In contrast to DES, a PDES scheduler dispatches multiple runnable threads concurrently onto multiple available processor cores. In the evaluation phase of our parallel implementation, one more thread (SC\_METHOD, SC\_THREAD or SC\_CTHREAD) is dispatched from the *READY* queue and starts its execution, as long as an idle processor core is available. When all threads finish their evaluation phase, the last running thread performs the update and notification phases and advances the time if the *READY* queue is still empty.

In order to avoid race conditions among accesses to internal shared states, we protect the SystemC kernel with a mutex lock. Whenever a thread needs to modify the state of the kernel, it first acquires the mutex before entering the critical section. Similar to [3] and the synchronous approach in [4], our parallel SystemC implementation only executes threads from the same delta cycle in parallel and has a central READY queue. For safe communication, our approach also automatically protects every channel with a local lock and fully supports the standard SystemC semantics, including immediate notification. Differing from [3], our parallel kernel is symmetric and every thread can perform the scheduling functions. Thus, our implementation does not need a special root thread to perform the update and notification phases, which eliminates the frequent context switches from worker threads to the root thread.

Also, a semantics-compliant SystemC implementation is "obliged to analyze any dependencies between processes and



Fig. 1. Two multi-core thread dispatch policies.

constrain their execution to match the co-routine semantics" [2]. Here, we rely on a dedicated compiler to identify potential data hazards inside design models in order to avoid any race conditions on shared variables. Our SystemC compiler performs three major tasks, namely conflict analysis, segmentgraph construction, and source-code instrumentation. For this paper, we extend and exploit the segment-graph analysis and the corresponding code instrumentation to accurately predict the next thread run times, so that the dispatcher in the scheduler can quickly make better decisions. We present more details of our SystemC compiler in Section IV-C.
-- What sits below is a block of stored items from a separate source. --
(* Let $n\ge 2$ be odd, $\pi=A_1\cdots A_n\in\mathbb{S}_{2n}$ with $A_i=(2i-1\ \ 2i)$, and $\mathcal{O}_\pi$ its conjugacy class. If $\rho=\chi_{(n)}\otimes\epsilon$ or $\rho=\chi_{(n)}\otimes\mathrm{sgn}$, then the braiding of $M(\mathcal{O}_\pi,\rho)$ is negative.
   Context: Permutations are composed right to left. For a finite group $G$, a conjugacy class $\mathcal{C}$, a fixed $s\in\mathcal{C}$ with centralizer $G^s$ and an irreducible representation $(\rho,V)$ of $G^s$, $M(\mathcal{C},\rho)$ is the irreducible Yetter–Drinfeld module over $\mathbb{C}G$: enumerate $\mathcal{C}=\{t_1=s,\dots,t_M\}$, choose $g_i\in G$ with $g_isg_i^{-1}=t_i$; $M(\mathcal{C},\rho)=\bigoplus_i g_i\otimes V$ with grading $\deg(g_i\otimes v)=t_i$, action $g\cdot(g_i\otimes v)=g_j\otimes\rho(\gamma)v$ where $gg_i=g_j\gamma$, $\gamma\in G^s$, and braiding $c((g_i\otimes v)\otimes(g_j\otimes w))=(g_h\otimes\rho(\gamma)w)\otimes(g_i\otimes v)$ where $t_ig_j=g_h\gamma$, $\gamma\in G^s$. When $\rho$ is one-dimensional, the braiding is called negative if for all $i,j$ with $t_it_j=t_jt_i$, setting $q_{ij}:=\rho(g_j^{-1}t_ig_j)$, one has $q_{ii}=-1$ and $q_{ij}q_{ji}=1$. The centralizer is $\mathbb{S}_{2n}^\pi=\langle A_1,\dots,A_n\rangle\rtimes\langle B_1,\dots,B_{n-1}\rangle\cong\mathbb{Z}_2^n\rtimes\mathbb{S}_n$, where $B_j=(2j-1\ \ 2j+1)(2j\ \ 2j+2)$ corresponds to $(j\ j+1)\in\mathbb{S}_n$. $\chi_{(n)}\otimes\epsilon$ (resp. $\chi_{(n)}\otimes\mathrm{sgn}$) is the one-dimensional representation with $A_i\mapsto-1$ for all $i$ and $B_j\mapsto1$ (resp. $B_j\mapsto-1$) for all $j$. *)

theory Defs
  imports Complex_Main "HOL-Combinatorics.Combinatorics"
begin

text \<open>Permutations of {1..2n} are functions nat => nat that permute {1..2*n};
  composition is right to left: (p o q) x = p (q x).\<close>

definition Sym :: "nat \<Rightarrow> (nat \<Rightarrow> nat) set" where
  "Sym n = {p. p permutes {1..2*n}}"

definition Aperm :: "nat \<Rightarrow> nat \<Rightarrow> nat" where
  "Aperm i = transpose (2*i - 1) (2*i)"

definition Bperm :: "nat \<Rightarrow> nat \<Rightarrow> nat" where
  "Bperm j = transpose (2*j - 1) (2*j + 1) \<circ> transpose (2*j) (2*j + 2)"

definition piperm :: "nat \<Rightarrow> nat \<Rightarrow> nat" where
  "piperm n = foldr (\<lambda>i f. Aperm i \<circ> f) [1..<n+1] id"

definition conj_class :: "('a \<Rightarrow> 'a) set \<Rightarrow> ('a \<Rightarrow> 'a) \<Rightarrow> ('a \<Rightarrow> 'a) set" where
  "conj_class G s = {g \<circ> s \<circ> inv g | g. g \<in> G}"

definition centralizer :: "('a \<Rightarrow> 'a) set \<Rightarrow> ('a \<Rightarrow> 'a) \<Rightarrow> ('a \<Rightarrow> 'a) set" where
  "centralizer G s = {g \<in> G. g \<circ> s = s \<circ> g}"

text \<open>Negative braiding of M(C, rho), rho one-dimensional on the centralizer of s:
  for every t_i, t_j in the class with t_i t_j = t_j t_i and every choice of
  g_i, g_j in G with g_i s g_i^{-1} = t_i, g_j s g_j^{-1} = t_j, with
  q_ij = rho(g_j^{-1} t_i g_j): q_ii = -1 and q_ij q_ji = 1.\<close>
definition negative_braiding ::
  "('a \<Rightarrow> 'a) set \<Rightarrow> ('a \<Rightarrow> 'a) \<Rightarrow> (('a \<Rightarrow> 'a) \<Rightarrow> complex) \<Rightarrow> bool" where
  "negative_braiding G s \<rho> \<longleftrightarrow>
     (\<forall>t \<in> conj_class G s. \<forall>g \<in> G. g \<circ> s \<circ> inv g = t \<longrightarrow> \<rho> (inv g \<circ> t \<circ> g) = -1) \<and>
     (\<forall>t \<in> conj_class G s. \<forall>u \<in> conj_class G s. \<forall>g \<in> G. \<forall>h \<in> G.
        t \<circ> u = u \<circ> t \<longrightarrow> g \<circ> s \<circ> inv g = t \<longrightarrow> h \<circ> s \<circ> inv h = u \<longrightarrow>
        \<rho> (inv h \<circ> t \<circ> h) * \<rho> (inv g \<circ> u \<circ> g) = 1)"

end

theory Submission
  imports Defs
begin

(* Write s for pi. Since rho (A_i) = -1, rho (s) = (-1)^n = -1, which gives q_ii = -1. For commuting
   conjugates t_i, t_j of s, both Y = g_j^-1 t_i g_j and Z = g_i^-1 t_j g_i are involutions in the
   centralizer of s, so q_ij = rho (Y) is a sign, and q_ij q_ji = 1 follows once Y and Z are conjugate
   inside the centralizer. As s and Y are commuting fixed-point-free involutions, some permutation w
   interchanges them by conjugation; then c = g_i^-1 g_j w centralizes s and conjugates Y to Z.
   The values of rho on the B_j are never needed. *)

lemma involution_permutes:
  assumes "\<And>x. f (f x) = x" and "\<And>x. x \<notin> S \<Longrightarrow> f x = x"
  shows "f permutes S"
  unfolding permutes_def using assms by metis

definition fpf_involution_on :: "'a set \<Rightarrow> ('a \<Rightarrow> 'a) \<Rightarrow> bool" where
  "fpf_involution_on S s \<longleftrightarrow> s permutes S \<and> (\<forall>p. s (s p) = p) \<and> (\<forall>p \<in> S. s p \<noteq> p)"

lemma fpf_involution_on_conj:
  assumes s: "fpf_involution_on S s" and k: "k permutes S"
  shows "fpf_involution_on S (k \<circ> s \<circ> inv k)"
  unfolding fpf_involution_on_def
proof (intro conjI allI ballI)
  have "s permutes S" and ss: "\<And>p. s (s p) = p" and fpf: "\<And>p. p \<in> S \<Longrightarrow> s p \<noteq> p"
    using s by (auto simp: fpf_involution_on_def)
  then show "k \<circ> s \<circ> inv k permutes S"
    by (intro permutes_compose permutes_inv k)
  show "(k \<circ> s \<circ> inv k) ((k \<circ> s \<circ> inv k) p) = p" for p
    by (simp add: permutes_inverses[OF k] ss)
  show "(k \<circ> s \<circ> inv k) p \<noteq> p" if "p \<in> S" for p
  proof
    assume "(k \<circ> s \<circ> inv k) p = p"
    then have "s (inv k p) = inv k p"
      by (metis comp_apply permutes_inverses(2)[OF k])
    moreover have "inv k p \<in> S"
      using that permutes_in_image[OF permutes_inv[OF k]] by blast
    ultimately show False using fpf by blast
  qed
qed

lemma commuting_fpf_involutions_conjugate:
  fixes s y :: "'a::linorder \<Rightarrow> 'a"
  assumes s: "fpf_involution_on S s" and y: "fpf_involution_on S y" and comm: "s \<circ> y = y \<circ> s"
  obtains w where "w permutes S" "w \<circ> s = y \<circ> w" "w \<circ> y = s \<circ> w"
proof -
  have ss: "s (s p) = p" and yy: "y (y p) = p" and ys: "y (s p) = s (y p)" for p
    using s y comm by (auto simp: fpf_involution_on_def fun_eq_iff)
  have s_fix: "s p = p" and y_fix: "y p = p" if "p \<notin> S" for p
    using s y that by (auto simp: fpf_involution_on_def permutes_not_in)
  \<comment> \<open>The orbit {p, s p, y p, s (y p)} splits into the pairs {p, s (y p)} and {s p, y p}:
     w fixes the pair containing the least element of the orbit and swaps the other one.\<close>
  define D where "D p \<longleftrightarrow> min p (s (y p)) < min (s p) (y p)" for p
  define w where "w p = (if D p then p else s (y p))" for p
  have D_sy: "D (s (y p)) \<longleftrightarrow> D p" for p
    unfolding D_def by (simp add: ss yy ys min.commute)
  have D_s: "D (s p) \<longleftrightarrow> \<not> D p" if "p \<in> S" for p
  proof -
    have "y p \<in> S"
      using that y by (auto simp: fpf_involution_on_def permutes_in_image)
    then have "p \<noteq> s p" "p \<noteq> y p" "s (y p) \<noteq> s p" "s (y p) \<noteq> y p"
      using that s y by (auto simp: fpf_involution_on_def) (metis ss)
    then have "min p (s (y p)) \<noteq> min (s p) (y p)"
      by (auto simp: min_def)
    moreover have "D (s p) \<longleftrightarrow> min (s p) (y p) < min p (s (y p))"
      unfolding D_def by (simp add: ss ys)
    ultimately show ?thesis
      unfolding D_def by (meson less_asym linorder_neqE)
  qed
  have ww: "w (w p) = p" for p
    by (simp add: w_def D_sy ss yy ys)
  have ws: "w (s p) = y (w p)" for p
  proof (cases "p \<in> S")
    case True
    then show ?thesis
      by (simp add: w_def D_s ss yy ys)
  next
    case False
    then show ?thesis
      by (simp add: w_def s_fix y_fix)
  qed
  show thesis
  proof
    show "w permutes S"
      by (rule involution_permutes[OF ww]) (simp add: w_def s_fix y_fix)
    show "w \<circ> s = y \<circ> w"
      by (simp add: fun_eq_iff ws)
    show "w \<circ> y = s \<circ> w"
      by (simp add: fun_eq_iff) (metis ws ww)
  qed
qed

lemma comp_in_centralizer:
  assumes "a \<in> centralizer {p. p permutes S} s" and "b \<in> centralizer {p. p permutes S} s"
  shows "a \<circ> b \<in> centralizer {p. p permutes S} s"
  using assms unfolding centralizer_def
  by (auto intro: permutes_compose) (metis comp_assoc)

lemma inv_in_centralizer:
  assumes "a \<in> centralizer {p. p permutes S} s"
  shows "inv a \<in> centralizer {p. p permutes S} s"
proof -
  have a: "a permutes S" and "a \<circ> s = s \<circ> a"
    using assms by (auto simp: centralizer_def)
  then have "inv a \<circ> s = s \<circ> inv a"
    by (metis comp_assoc comp_id id_comp permutes_inv_o[OF a])
  with a show ?thesis
    by (simp add: centralizer_def permutes_inv)
qed

lemma mult_on_centralizer_conj_eq:
  fixes \<rho> :: "('a \<Rightarrow> 'a) \<Rightarrow> 'b::comm_monoid_mult"
  assumes hom: "\<forall>x \<in> centralizer {p. p permutes S} s. \<forall>y \<in> centralizer {p. p permutes S} s.
                  \<rho> (x \<circ> y) = \<rho> x * \<rho> y"
    and \<rho>_id: "\<rho> id = 1"
    and c: "c \<in> centralizer {p. p permutes S} s" and x: "x \<in> centralizer {p. p permutes S} s"
  shows "\<rho> (c \<circ> x \<circ> inv c) = \<rho> x"
proof -
  have ic: "inv c \<in> centralizer {p. p permutes S} s"
    using c by (rule inv_in_centralizer)
  have "c permutes S"
    using c by (simp add: centralizer_def)
  then have "\<rho> c * \<rho> (inv c) = 1"
    using hom c ic \<rho>_id by (metis permutes_inv_o(1))
  moreover have "\<rho> (c \<circ> x \<circ> inv c) = \<rho> x * (\<rho> c * \<rho> (inv c))"
    using hom c x ic comp_in_centralizer[OF c x] by (simp add: mult_ac)
  ultimately show ?thesis
    by simp
qed

lemma conj_of_commuting_conj_in_centralizer:
  assumes s: "s permutes S" and g: "g permutes S" and h: "h permutes S"
    and t: "g \<circ> s \<circ> inv g = t" and u: "h \<circ> s \<circ> inv h = u" and tu: "t \<circ> u = u \<circ> t"
  shows "inv h \<circ> t \<circ> h \<in> centralizer {p. p permutes S} s"
proof -
  have hs: "h \<circ> s = u \<circ> h" and sh: "inv h \<circ> u = s \<circ> inv h"
    unfolding u[symmetric] by (auto simp: fun_eq_iff permutes_inverses[OF h])
  have "inv h \<circ> t \<circ> h \<circ> s = inv h \<circ> (t \<circ> u) \<circ> h"
    by (simp add: comp_assoc hs)
  also have "\<dots> = s \<circ> (inv h \<circ> t \<circ> h)"
    by (metis comp_assoc sh tu)
  finally show ?thesis
    using s g h t[symmetric] by (auto simp: centralizer_def intro!: permutes_compose permutes_inv)
qed

lemma swapped_conj_conjugate_in_centralizer:
  fixes s :: "'a::linorder \<Rightarrow> 'a"
  assumes s: "fpf_involution_on S s" and g: "g permutes S" and h: "h permutes S"
    and t: "g \<circ> s \<circ> inv g = t" and u: "h \<circ> s \<circ> inv h = u" and tu: "t \<circ> u = u \<circ> t"
  obtains c where "c \<in> centralizer {p. p permutes S} s"
    and "inv g \<circ> u \<circ> g = c \<circ> (inv h \<circ> t \<circ> h) \<circ> inv c"
proof -
  define Y where "Y = inv h \<circ> t \<circ> h"
  have s_perm: "s permutes S"
    using s by (simp add: fpf_involution_on_def)
  have "fpf_involution_on S (inv h \<circ> t \<circ> inv (inv h))"
    unfolding t[symmetric] by (intro fpf_involution_on_conj s g permutes_inv h)
  then have Y_fpf: "fpf_involution_on S Y"
    by (simp add: Y_def permutes_inv_inv[OF h])
  have "Y \<in> centralizer {p. p permutes S} s"
    unfolding Y_def by (rule conj_of_commuting_conj_in_centralizer[OF s_perm g h t u tu])
  then have "s \<circ> Y = Y \<circ> s"
    by (simp add: centralizer_def)
  then obtain w where w: "w permutes S" "w \<circ> s = Y \<circ> w" "w \<circ> Y = s \<circ> w"
    using commuting_fpf_involutions_conjugate[OF s Y_fpf] by blast
  have ws: "w (s p) = Y (w p)" and wY: "w (Y p) = s (w p)" for p
    using w(2,3) by (metis comp_apply)+
  define c where "c = inv g \<circ> h \<circ> w"
  have c_perm: "c permutes S"
    unfolding c_def by (intro permutes_compose permutes_inv g h w(1))
  have "c \<circ> s = s \<circ> c"
    by (simp add: fun_eq_iff c_def ws Y_def t[symmetric] permutes_inverses[OF g] permutes_inverses[OF h])
  with c_perm have c: "c \<in> centralizer {p. p permutes S} s"
    by (simp add: centralizer_def)
  have "(inv g \<circ> u \<circ> g) \<circ> c = c \<circ> Y"
    by (simp add: fun_eq_iff c_def wY u[symmetric] permutes_inverses[OF g] permutes_inverses[OF h])
  then have "inv g \<circ> u \<circ> g = c \<circ> Y \<circ> inv c"
    by (metis comp_assoc comp_id permutes_inv_o(1)[OF c_perm])
  with c show thesis
    unfolding Y_def by (rule that)
qed
(* The group of units $U(\Pi_2)$ of $\Pi_2=\langle a,b,c\mid (ab^ic)^2=1\ (i\geq 1)\rangle$ is isomorphic to the free product of countably infinitely many cyclic groups of order $2$, i.e. to the group $\langle x_i\ (i\geq 1)\mid x_i^2=1\ (i\geq1)\rangle$, via $ab^ic\mapsto x_i$. In particular, $U(\Pi_2)$ is not finitely generated.
   Context: The group of units $U(M)$ of a monoid $M$ is the set of elements having both a left and a right inverse. *)

theory Defs
  imports "HOL-Algebra.Algebra"
begin

inductive_set pres_rel :: "'a set \<Rightarrow> ('a list \<times> 'a list) set \<Rightarrow> ('a list \<times> 'a list) set"
  for S R where
    refl: "w \<in> lists S \<Longrightarrow> (w, w) \<in> pres_rel S R"
  | rel: "(l, r) \<in> R \<Longrightarrow> u \<in> lists S \<Longrightarrow> v \<in> lists S \<Longrightarrow>
          (u @ l @ v, u @ r @ v) \<in> pres_rel S R"
  | sym: "(w, w') \<in> pres_rel S R \<Longrightarrow> (w', w) \<in> pres_rel S R"
  | trans: "(w, w') \<in> pres_rel S R \<Longrightarrow> (w', w'') \<in> pres_rel S R \<Longrightarrow> (w, w'') \<in> pres_rel S R"

definition pres_class :: "'a set \<Rightarrow> ('a list \<times> 'a list) set \<Rightarrow> 'a list \<Rightarrow> 'a list set" where
  "pres_class S R w = pres_rel S R `` {w}"

definition pres_monoid :: "'a set \<Rightarrow> ('a list \<times> 'a list) set \<Rightarrow> 'a list set monoid" where
  "pres_monoid S R =
     \<lparr> carrier = lists S // pres_rel S R,
       Group.monoid.mult = (\<lambda>U V. pres_rel S R `` {x @ y | x y. x \<in> U \<and> y \<in> V}),
       Group.monoid.one = pres_class S R [] \<rparr>"

datatype gen = ga | gb | gc

definition word_abic :: "nat \<Rightarrow> gen list" where
  "word_abic i = ga # replicate i gb @ [gc]"

definition Pi2_rels :: "(gen list \<times> gen list) set" where
  "Pi2_rels = {(word_abic i @ word_abic i, []) | i. i \<ge> 1}"

definition Pi2 :: "gen list set monoid" where
  "Pi2 = pres_monoid UNIV Pi2_rels"

text \<open>\<open>\<langle>x\<^sub>i (i \<ge> 1) | x\<^sub>i^2 = 1 (i \<ge> 1)\<rangle>\<close>: generator x_i is the letter i.\<close>
definition Xgens :: "nat set" where "Xgens = {i. i \<ge> 1}"

definition X_rels :: "(nat list \<times> nat list) set" where
  "X_rels = {([i, i], []) | i. i \<ge> 1}"

definition FreeProdZ2 :: "nat list set monoid" where
  "FreeProdZ2 = pres_monoid Xgens X_rels"

end

theory Submission
  imports Defs
begin

text \<open>Orienting the relators \<open>(ab\<^sup>ic)\<^sup>2 \<rightarrow> 1\<close> gives a complete rewriting system: two relators
  can only overlap in \<open>(ab\<^sup>ic)\<^sup>3\<close>, which reduces to \<open>ab\<^sup>ic\<close> either way. Its normal forms,
  computed by a stack, solve the word problem of \<open>\<Pi>\<^sub>2\<close>. If a reduced word \<open>z\<close> represents a unit
  with reduced inverse \<open>v\<close>, then \<open>vz\<close> reduces to \<open>1\<close>, so a relator straddles \<open>v\<close> and \<open>z\<close>;
  as \<open>z\<close> must begin with \<open>a\<close>, this forces \<open>z = ab\<^sup>ic y\<close> with \<open>y\<close> again a unit. So the units are
  the products of the involutions \<open>ab\<^sup>ic\<close>, and these satisfy no further relations because reduced
  words in the \<open>x\<^sub>i\<close> (no two equal neighbours) map to reduced words of \<open>\<Pi>\<^sub>2\<close>. Finitely many
  units involve only indices \<open>i \<le> N\<close>, and the subgroup they generate misses \<open>ab\<^sup>N\<^sup>+\<^sup>1c\<close>.\<close>

section \<open>Presented monoids\<close>

locale presentation =
  fixes S :: "'a set" and R :: "('a list \<times> 'a list) set"
  assumes relators_in_lists: "R \<subseteq> lists S \<times> lists S"
begin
# IV. MULTI-CORE SCHEDULING

In each delta cycle of PDES, a number of threads are available in the *READY* queue, as determined by the PDES scheduler. However, these threads typically have a diverse run time in the evaluation phase. We note that the order of dispatching these threads on a multi-core host has a significant influence on the total execution time. As an illustrative example, Fig. 1 compares the execution time of two classic dispatch policies, namely Shortest Job First (SJF) and Longest Job First (LJF), on a four-core machine. In the order determined by their (predicted) run time, threads are assigned to the available CPU cores. When employing LJF (Fig. 1(b)), the current evaluation phase finishes much earlier than when using SJF (Fig. 1(a)).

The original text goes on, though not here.